Exercise data section start
(* For any two stationary policies $\pi,\pi'$, $$\mathrm{KL}(\mu^\pi\|\mu^{\pi'})\le\frac1{1-\gamma}\mathcal H(\pi\|\pi').$$
   Context: Discounted MDP with finite state space $\mathcal X$, finite action space $\mathcal A$, transition kernel $P$, discount factor $\gamma\in(0,1)$ and initial distribution $\nu_0$. For a stationary policy $\pi$, $\nu^\pi(x)=(1-\gamma)\sum_{t\ge0}\gamma^t\mathbb P_\pi[X_t=x]$ (trajectory started at $X_0\sim\nu_0$, following $\pi$), $\mu^\pi(x,a)=\nu^\pi(x)\pi(a|x)$, and $\mathcal H(\pi\|\pi')=\sum_x\nu^\pi(x)\mathrm{KL}(\pi(\cdot|x)\|\pi'(\cdot|x))$. *)

theory Defs
  imports Complex_Main "HOL-Library.Extended_Real"
begin

definition is_dist :: "('i::finite \<Rightarrow> real) \<Rightarrow> bool" where
  "is_dist p \<longleftrightarrow> (\<forall>i. 0 \<le> p i) \<and> (\<Sum>i\<in>UNIV. p i) = 1"

text \<open>Stationary (stochastic) policy: pol x a = pol(a|x).\<close>
definition is_policy :: "('x::finite \<Rightarrow> 'a::finite \<Rightarrow> real) \<Rightarrow> bool" where
  "is_policy pol \<longleftrightarrow> (\<forall>x. is_dist (pol x))"

text \<open>Transition kernel: P x a y = P(y|x,a).\<close>
definition is_kernel :: "('x::finite \<Rightarrow> 'a::finite \<Rightarrow> 'x \<Rightarrow> real) \<Rightarrow> bool" where
  "is_kernel P \<longleftrightarrow> (\<forall>x a. is_dist (P x a))"

text \<open>Law of X_t: state_dist P nu0 pol t x = Prob_pi[X_t = x], with X_0 ~ nu0.\<close>
primrec state_dist :: "('x::finite \<Rightarrow> 'a::finite \<Rightarrow> 'x \<Rightarrow> real) \<Rightarrow> ('x \<Rightarrow> real)
    \<Rightarrow> ('x \<Rightarrow> 'a \<Rightarrow> real) \<Rightarrow> nat \<Rightarrow> 'x \<Rightarrow> real" where
  "state_dist P nu0 pol 0 = nu0"
| "state_dist P nu0 pol (Suc t) =
     (\<lambda>y. \<Sum>x\<in>UNIV. \<Sum>a\<in>UNIV. state_dist P nu0 pol t x * pol x a * P x a y)"

definition state_occ :: "('x::finite \<Rightarrow> 'a::finite \<Rightarrow> 'x \<Rightarrow> real) \<Rightarrow> ('x \<Rightarrow> real)
    \<Rightarrow> real \<Rightarrow> ('x \<Rightarrow> 'a \<Rightarrow> real) \<Rightarrow> 'x \<Rightarrow> real" where
  "state_occ P nu0 \<gamma> pol x = (1 - \<gamma>) * (\<Sum>t. \<gamma> ^ t * state_dist P nu0 pol t x)"

definition sa_occ :: "('x::finite \<Rightarrow> 'a::finite \<Rightarrow> 'x \<Rightarrow> real) \<Rightarrow> ('x \<Rightarrow> real)
    \<Rightarrow> real \<Rightarrow> ('x \<Rightarrow> 'a \<Rightarrow> real) \<Rightarrow> 'x \<times> 'a \<Rightarrow> real" where
  "sa_occ P nu0 \<gamma> pol = (\<lambda>(x, a). state_occ P nu0 \<gamma> pol x * pol x a)"

definition KL :: "('i::finite \<Rightarrow> real) \<Rightarrow> ('i \<Rightarrow> real) \<Rightarrow> ereal" where
  "KL p q = (if \<exists>i. p i > 0 \<and> q i = 0 then \<infinity>
             else ereal (\<Sum>i\<in>{i. p i > 0}. p i * ln (p i / q i)))"

text \<open>Conditional relative entropy H(pol||pol') = sum_x nu^pol(x) KL(pol(.|x) || pol'(.|x))
  (with 0 * infinity = 0).\<close>
definition cond_KL :: "('x::finite \<Rightarrow> 'a::finite \<Rightarrow> 'x \<Rightarrow> real) \<Rightarrow> ('x \<Rightarrow> real)
    \<Rightarrow> real \<Rightarrow> ('x \<Rightarrow> 'a \<Rightarrow> real) \<Rightarrow> ('x \<Rightarrow> 'a \<Rightarrow> real) \<Rightarrow> ereal" where
  "cond_KL P nu0 \<gamma> pol pol' = (\<Sum>x\<in>UNIV. ereal (state_occ P nu0 \<gamma> pol x) * KL (pol x) (pol' x))"

end

theory Submission
  imports Defs
begin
Exercise data section end
Description of the task: Lines from the beginning of the data above through the line containing "p \<longleftrightarrow> (\<forall>i." are to be returned exactly, and no others.

Solution for this exercise:
(* For any two stationary policies $\pi,\pi'$, $$\mathrm{KL}(\mu^\pi\|\mu^{\pi'})\le\frac1{1-\gamma}\mathcal H(\pi\|\pi').$$
   Context: Discounted MDP with finite state space $\mathcal X$, finite action space $\mathcal A$, transition kernel $P$, discount factor $\gamma\in(0,1)$ and initial distribution $\nu_0$. For a stationary policy $\pi$, $\nu^\pi(x)=(1-\gamma)\sum_{t\ge0}\gamma^t\mathbb P_\pi[X_t=x]$ (trajectory started at $X_0\sim\nu_0$, following $\pi$), $\mu^\pi(x,a)=\nu^\pi(x)\pi(a|x)$, and $\mathcal H(\pi\|\pi')=\sum_x\nu^\pi(x)\mathrm{KL}(\pi(\cdot|x)\|\pi'(\cdot|x))$. *)

theory Defs
  imports Complex_Main "HOL-Library.Extended_Real"
begin

definition is_dist :: "('i::finite \<Rightarrow> real) \<Rightarrow> bool" where
  "is_dist p \<longleftrightarrow> (\<forall>i. 0 \<le> p i) \<and> (\<Sum>i\<in>UNIV. p i) = 1"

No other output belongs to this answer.